▶ _EXTRACTED RECORDS_

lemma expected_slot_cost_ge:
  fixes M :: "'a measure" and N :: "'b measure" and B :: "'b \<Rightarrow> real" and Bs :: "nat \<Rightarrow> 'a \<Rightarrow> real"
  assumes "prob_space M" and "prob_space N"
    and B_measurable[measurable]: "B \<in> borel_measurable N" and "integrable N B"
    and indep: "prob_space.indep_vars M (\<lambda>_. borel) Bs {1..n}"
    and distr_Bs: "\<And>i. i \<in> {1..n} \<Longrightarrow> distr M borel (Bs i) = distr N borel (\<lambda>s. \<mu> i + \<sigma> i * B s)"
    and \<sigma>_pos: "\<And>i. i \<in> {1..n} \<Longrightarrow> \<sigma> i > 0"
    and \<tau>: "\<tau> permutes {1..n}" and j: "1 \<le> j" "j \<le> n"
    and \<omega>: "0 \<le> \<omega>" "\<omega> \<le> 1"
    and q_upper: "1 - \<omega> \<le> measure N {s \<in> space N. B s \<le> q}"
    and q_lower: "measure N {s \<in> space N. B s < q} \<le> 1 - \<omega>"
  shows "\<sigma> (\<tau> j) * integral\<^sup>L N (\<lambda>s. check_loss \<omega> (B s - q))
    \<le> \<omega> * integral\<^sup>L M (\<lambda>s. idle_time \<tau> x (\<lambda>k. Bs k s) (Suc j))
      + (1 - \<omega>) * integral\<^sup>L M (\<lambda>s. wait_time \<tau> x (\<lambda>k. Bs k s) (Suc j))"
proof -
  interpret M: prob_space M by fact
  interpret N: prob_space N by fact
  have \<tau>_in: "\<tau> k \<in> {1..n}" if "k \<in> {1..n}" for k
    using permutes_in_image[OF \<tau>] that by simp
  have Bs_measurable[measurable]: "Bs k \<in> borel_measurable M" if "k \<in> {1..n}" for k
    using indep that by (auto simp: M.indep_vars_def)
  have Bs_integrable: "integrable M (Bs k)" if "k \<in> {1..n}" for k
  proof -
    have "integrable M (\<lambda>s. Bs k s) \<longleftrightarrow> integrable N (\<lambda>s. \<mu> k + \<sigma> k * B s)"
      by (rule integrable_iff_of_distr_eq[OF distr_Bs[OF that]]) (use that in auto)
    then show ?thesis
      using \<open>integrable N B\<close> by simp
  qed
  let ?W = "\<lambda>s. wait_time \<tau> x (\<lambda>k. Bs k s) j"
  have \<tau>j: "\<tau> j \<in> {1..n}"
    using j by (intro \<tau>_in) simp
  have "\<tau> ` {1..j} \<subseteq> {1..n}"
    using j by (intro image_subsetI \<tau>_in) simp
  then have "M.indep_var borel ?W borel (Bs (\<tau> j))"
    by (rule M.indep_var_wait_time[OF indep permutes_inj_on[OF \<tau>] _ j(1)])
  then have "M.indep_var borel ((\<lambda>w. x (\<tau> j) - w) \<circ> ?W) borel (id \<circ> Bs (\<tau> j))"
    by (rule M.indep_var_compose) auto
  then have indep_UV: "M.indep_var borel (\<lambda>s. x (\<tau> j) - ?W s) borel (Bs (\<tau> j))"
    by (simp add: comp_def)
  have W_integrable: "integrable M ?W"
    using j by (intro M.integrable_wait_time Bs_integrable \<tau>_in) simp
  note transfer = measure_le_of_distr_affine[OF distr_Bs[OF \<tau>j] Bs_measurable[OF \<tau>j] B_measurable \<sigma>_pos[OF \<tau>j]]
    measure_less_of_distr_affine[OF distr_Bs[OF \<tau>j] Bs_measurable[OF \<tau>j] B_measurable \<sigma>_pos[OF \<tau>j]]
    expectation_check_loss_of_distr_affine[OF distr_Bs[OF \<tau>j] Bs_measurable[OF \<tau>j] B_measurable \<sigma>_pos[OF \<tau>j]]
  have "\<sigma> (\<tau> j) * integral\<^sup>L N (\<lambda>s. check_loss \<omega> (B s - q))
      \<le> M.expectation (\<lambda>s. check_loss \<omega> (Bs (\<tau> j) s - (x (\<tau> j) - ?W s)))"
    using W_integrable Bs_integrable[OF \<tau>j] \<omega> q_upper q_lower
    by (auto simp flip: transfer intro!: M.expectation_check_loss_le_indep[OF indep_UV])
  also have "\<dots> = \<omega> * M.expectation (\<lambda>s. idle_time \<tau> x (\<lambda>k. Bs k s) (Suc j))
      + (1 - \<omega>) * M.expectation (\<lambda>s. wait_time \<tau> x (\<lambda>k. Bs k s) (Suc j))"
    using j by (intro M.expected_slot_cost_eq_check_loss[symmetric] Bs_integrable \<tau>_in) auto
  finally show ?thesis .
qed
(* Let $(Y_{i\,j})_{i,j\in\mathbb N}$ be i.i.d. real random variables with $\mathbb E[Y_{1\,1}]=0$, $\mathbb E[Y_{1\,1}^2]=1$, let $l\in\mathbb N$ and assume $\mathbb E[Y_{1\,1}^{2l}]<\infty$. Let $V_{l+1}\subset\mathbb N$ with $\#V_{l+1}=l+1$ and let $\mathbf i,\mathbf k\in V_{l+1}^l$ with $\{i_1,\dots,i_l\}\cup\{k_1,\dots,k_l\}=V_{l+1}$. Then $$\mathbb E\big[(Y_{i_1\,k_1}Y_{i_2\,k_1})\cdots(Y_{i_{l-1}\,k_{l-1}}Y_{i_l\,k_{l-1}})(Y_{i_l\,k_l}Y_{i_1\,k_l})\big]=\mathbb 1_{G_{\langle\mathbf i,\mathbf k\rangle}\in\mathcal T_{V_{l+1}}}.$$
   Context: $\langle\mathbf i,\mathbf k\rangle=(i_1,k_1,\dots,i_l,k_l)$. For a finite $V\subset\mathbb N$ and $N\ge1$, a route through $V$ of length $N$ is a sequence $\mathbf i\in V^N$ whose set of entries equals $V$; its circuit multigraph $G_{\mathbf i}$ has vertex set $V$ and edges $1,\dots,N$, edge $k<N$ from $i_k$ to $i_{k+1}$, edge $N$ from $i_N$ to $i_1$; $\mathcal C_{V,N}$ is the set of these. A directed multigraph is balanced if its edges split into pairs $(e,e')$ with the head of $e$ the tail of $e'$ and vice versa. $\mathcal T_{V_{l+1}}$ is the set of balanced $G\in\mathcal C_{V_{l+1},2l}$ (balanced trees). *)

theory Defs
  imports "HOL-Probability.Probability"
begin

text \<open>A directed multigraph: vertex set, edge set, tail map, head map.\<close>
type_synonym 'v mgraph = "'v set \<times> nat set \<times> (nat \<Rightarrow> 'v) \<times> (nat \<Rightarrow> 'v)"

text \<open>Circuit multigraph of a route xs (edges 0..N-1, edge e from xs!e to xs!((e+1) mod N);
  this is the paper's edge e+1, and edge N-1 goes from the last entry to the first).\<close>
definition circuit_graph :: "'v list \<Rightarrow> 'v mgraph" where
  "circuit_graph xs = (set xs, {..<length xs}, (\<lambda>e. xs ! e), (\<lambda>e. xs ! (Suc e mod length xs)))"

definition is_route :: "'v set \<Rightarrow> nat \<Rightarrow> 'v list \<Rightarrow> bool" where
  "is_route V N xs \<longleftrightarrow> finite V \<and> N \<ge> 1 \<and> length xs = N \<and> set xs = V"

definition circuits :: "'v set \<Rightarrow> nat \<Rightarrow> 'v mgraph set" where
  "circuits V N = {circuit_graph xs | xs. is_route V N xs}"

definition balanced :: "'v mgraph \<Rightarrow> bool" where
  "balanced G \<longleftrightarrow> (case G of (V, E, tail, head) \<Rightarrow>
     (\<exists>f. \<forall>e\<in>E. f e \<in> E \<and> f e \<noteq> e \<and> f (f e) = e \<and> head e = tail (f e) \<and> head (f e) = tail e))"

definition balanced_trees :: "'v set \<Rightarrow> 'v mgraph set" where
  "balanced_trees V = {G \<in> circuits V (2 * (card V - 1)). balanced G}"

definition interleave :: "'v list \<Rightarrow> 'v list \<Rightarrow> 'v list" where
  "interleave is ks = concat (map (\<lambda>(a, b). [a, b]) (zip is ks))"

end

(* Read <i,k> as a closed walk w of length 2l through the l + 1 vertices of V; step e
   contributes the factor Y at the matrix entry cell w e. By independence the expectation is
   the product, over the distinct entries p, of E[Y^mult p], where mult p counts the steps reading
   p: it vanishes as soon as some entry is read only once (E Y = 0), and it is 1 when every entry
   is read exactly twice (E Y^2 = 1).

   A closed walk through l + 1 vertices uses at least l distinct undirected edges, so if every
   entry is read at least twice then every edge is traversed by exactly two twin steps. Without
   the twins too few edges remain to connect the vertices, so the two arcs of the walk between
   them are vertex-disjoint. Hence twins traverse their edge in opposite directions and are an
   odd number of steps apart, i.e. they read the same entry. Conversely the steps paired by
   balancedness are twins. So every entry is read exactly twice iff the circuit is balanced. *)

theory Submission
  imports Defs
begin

▶ _ACTIVITY_
Extract exactly and only the lines above from the line containing "theory Defs" through the line containing "nat \<Rightarrow> 'v list", both end lines included.

▶ _SOLUTION TO THIS PROBLEM_
theory Defs
  imports "HOL-Probability.Probability"
begin

text \<open>A directed multigraph: vertex set, edge set, tail map, head map.\<close>
type_synonym 'v mgraph = "'v set \<times> nat set \<times> (nat \<Rightarrow> 'v) \<times> (nat \<Rightarrow> 'v)"

text \<open>Circuit multigraph of a route xs (edges 0..N-1, edge e from xs!e to xs!((e+1) mod N);
  this is the paper's edge e+1, and edge N-1 goes from the last entry to the first).\<close>
definition circuit_graph :: "'v list \<Rightarrow> 'v mgraph" where
  "circuit_graph xs = (set xs, {..<length xs}, (\<lambda>e. xs ! e), (\<lambda>e. xs ! (Suc e mod length xs)))"

definition is_route :: "'v set \<Rightarrow> nat \<Rightarrow> 'v list \<Rightarrow> bool" where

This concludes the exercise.